ADHS – Everyone – Monoclonal Antibodies (mAbs) (azdhs.gov)
ADHS – Everyone – Find Treatment (azdhs.gov)
ADHS – Everyone – Antivirals (azdhs.gov)
While vaccines provide the best protection from COVID-19, treatment options such as Monoclonal Antibody therapy can shorten the duration of symptoms and reduce the risk of
severe illness and hospitalization. Monoclonal antibodies, or mAbs, are made in a laboratory to fight a particular infection — in this case, the virus that causes COVID-19 — and are given to patients directly with an infusion or a shot. Your body naturally makes antibodies to fight infection. However, your body may not have antibodies designed to recognize a new virus-like the virus that causes COVID-19.
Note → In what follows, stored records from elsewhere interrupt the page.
(* In the setting of the context, for any $t\ge0$, \[ K(t)\le K(0)+Ct+C\varepsilon\,\overline{E}(t)+C\int_0^t\overline{E}(s)\,ds. \]
   Context: Setting: $d\ge1$, $0\le\alpha<1$, $F:\mathbb{R}^d\setminus\{0\}\to\mathbb{R}^d$ with $|F(x)|\le C_F|x|^{-\alpha}$, $|\nabla F(x)|\le C_F|x|^{-1-\alpha}$, $|\nabla^2F(x)|\le C_F|x|^{-2-\alpha}$. $(X_i,V_i)_{i\le N}$ is a classical (collision-free) solution of $\dot X_i=V_i$, $\dot V_i=E(X_i):=\frac1N\sum_{j\ne i}F(X_i-X_j)$. $K(T)=\sup_{t\le T,i}|V_i(t)|$, $R(0)=\sup_i|X_i(0)|$, $\varepsilon=R(0)/N^{1/(2d)}$. $\overline{E}(T)=\sup_{t\in[0,T-\varepsilon],i}\frac1\varepsilon\int_t^{t+\varepsilon}|E(X_i(s))|ds$ if $T\ge\varepsilon$, and $\sup_i\frac1\varepsilon\int_0^T|E(X_i(s))|ds$ if $T<\varepsilon$. $C$ denotes a constant independent of $N$. *)

theory Defs
  imports "HOL-Analysis.Analysis"
begin

text \<open>Particles are indexed by i in {1..N}; X i t and V i t are position and velocity
  of particle i at time t, taking values in the Euclidean space 'a of dimension d = DIM('a).\<close>

definition field :: "nat \<Rightarrow> ('a::euclidean_space \<Rightarrow> 'a) \<Rightarrow> (nat \<Rightarrow> real \<Rightarrow> 'a) \<Rightarrow> nat \<Rightarrow> real \<Rightarrow> 'a" where
  "field N F X i t = (1 / real N) *\<^sub>R (\<Sum>j\<in>{1..N} - {i}. F (X i t - X j t))"

definition particle_solution ::
  "nat \<Rightarrow> ('a::euclidean_space \<Rightarrow> 'a) \<Rightarrow> (nat \<Rightarrow> real \<Rightarrow> 'a) \<Rightarrow> (nat \<Rightarrow> real \<Rightarrow> 'a) \<Rightarrow> bool" where
  "particle_solution N F X V \<longleftrightarrow>
     (\<forall>i\<in>{1..N}. \<forall>t\<ge>0.
        (X i has_vector_derivative V i t) (at t within {0..}) \<and>
        (V i has_vector_derivative field N F X i t) (at t within {0..})) \<and>
     (\<forall>i\<in>{1..N}. \<forall>j\<in>{1..N}. i \<noteq> j \<longrightarrow> (\<forall>t\<ge>0. X i t \<noteq> X j t))"

definition Kvel :: "nat \<Rightarrow> (nat \<Rightarrow> real \<Rightarrow> 'a::real_normed_vector) \<Rightarrow> real \<Rightarrow> real" where
  "Kvel N V T = (SUP p\<in>{0..T} \<times> {1..N}. norm (V (snd p) (fst p)))"

definition eps :: "nat \<Rightarrow> (nat \<Rightarrow> real \<Rightarrow> 'a::euclidean_space) \<Rightarrow> real" where
  "eps N X = (SUP i\<in>{1..N}. norm (X i 0)) / (real N powr (1 / (2 * real DIM('a))))"

definition Ebar :: "nat \<Rightarrow> ('a::euclidean_space \<Rightarrow> 'a) \<Rightarrow> (nat \<Rightarrow> real \<Rightarrow> 'a) \<Rightarrow> real \<Rightarrow> real" where
  "Ebar N F X T =
     (let e = eps N X in
      if T \<ge> e then
        (SUP p\<in>{0..T - e} \<times> {1..N}.
           (1 / e) * integral {fst p..fst p + e} (\<lambda>s. norm (field N F X (snd p) s)))
      else
        (SUP i\<in>{1..N}. (1 / e) * integral {0..T} (\<lambda>s. norm (field N F X i s))))"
That’s why mAb treatment may help patients at high risk for severe symptoms or hospitalization. The Food and Drug Administration (FDA) has issued an Emergency Use Authorization (EUA) to allow the use of monoclonal antibody therapies for the treatment of mild to moderate COVID19 in certain high-risk patients. Some people who have been exposed to COVID-19 may qualify for treatment even before testing positive for COVID-19.
This treatment is not a substitute for vaccination against COVID-19. General eligibility information is below.
• Individuals who have tested positive for COVID-19 and are within ten days of onset
• Unvaccinated individuals who have had close contact with a COVID positive person
• Vaccinated individuals who are immunocompromised and have had close contact with a COVID-positive person
• Each facility has its standards for administering Monoclonal Antibody Therapy. Please visit their respective websites or call the number provided below for more information.
Kingman Regional Medical Center (KRMC)
Website: Seeking Medical Care For Covid-19 | KRMC | Kingman Regional Medical Center (azkrmc.com)
Phone Number: 928-681-8699
Western Arizona Regional Medical Center (WARMC)
Phone number: 928-763- 2273
Havasu Urgent Care (aka Havasu Primary Care and Pediatrics)
Phone number: 928-505-1030
Veklury® (Remdesivir) (FDA approved)
Veklury® (Remdesivir) works by slowing the replication of the COVID-19 virus, thereby reducing the amount of virus circulating in the body. Veklury® (Remdesivir) is approved for
hospitalized patients age 12 years and older who weigh at least 88 pounds, with more severe COVID-19 disease. Your hospital care team will decide if you are eligible to receive this treatment.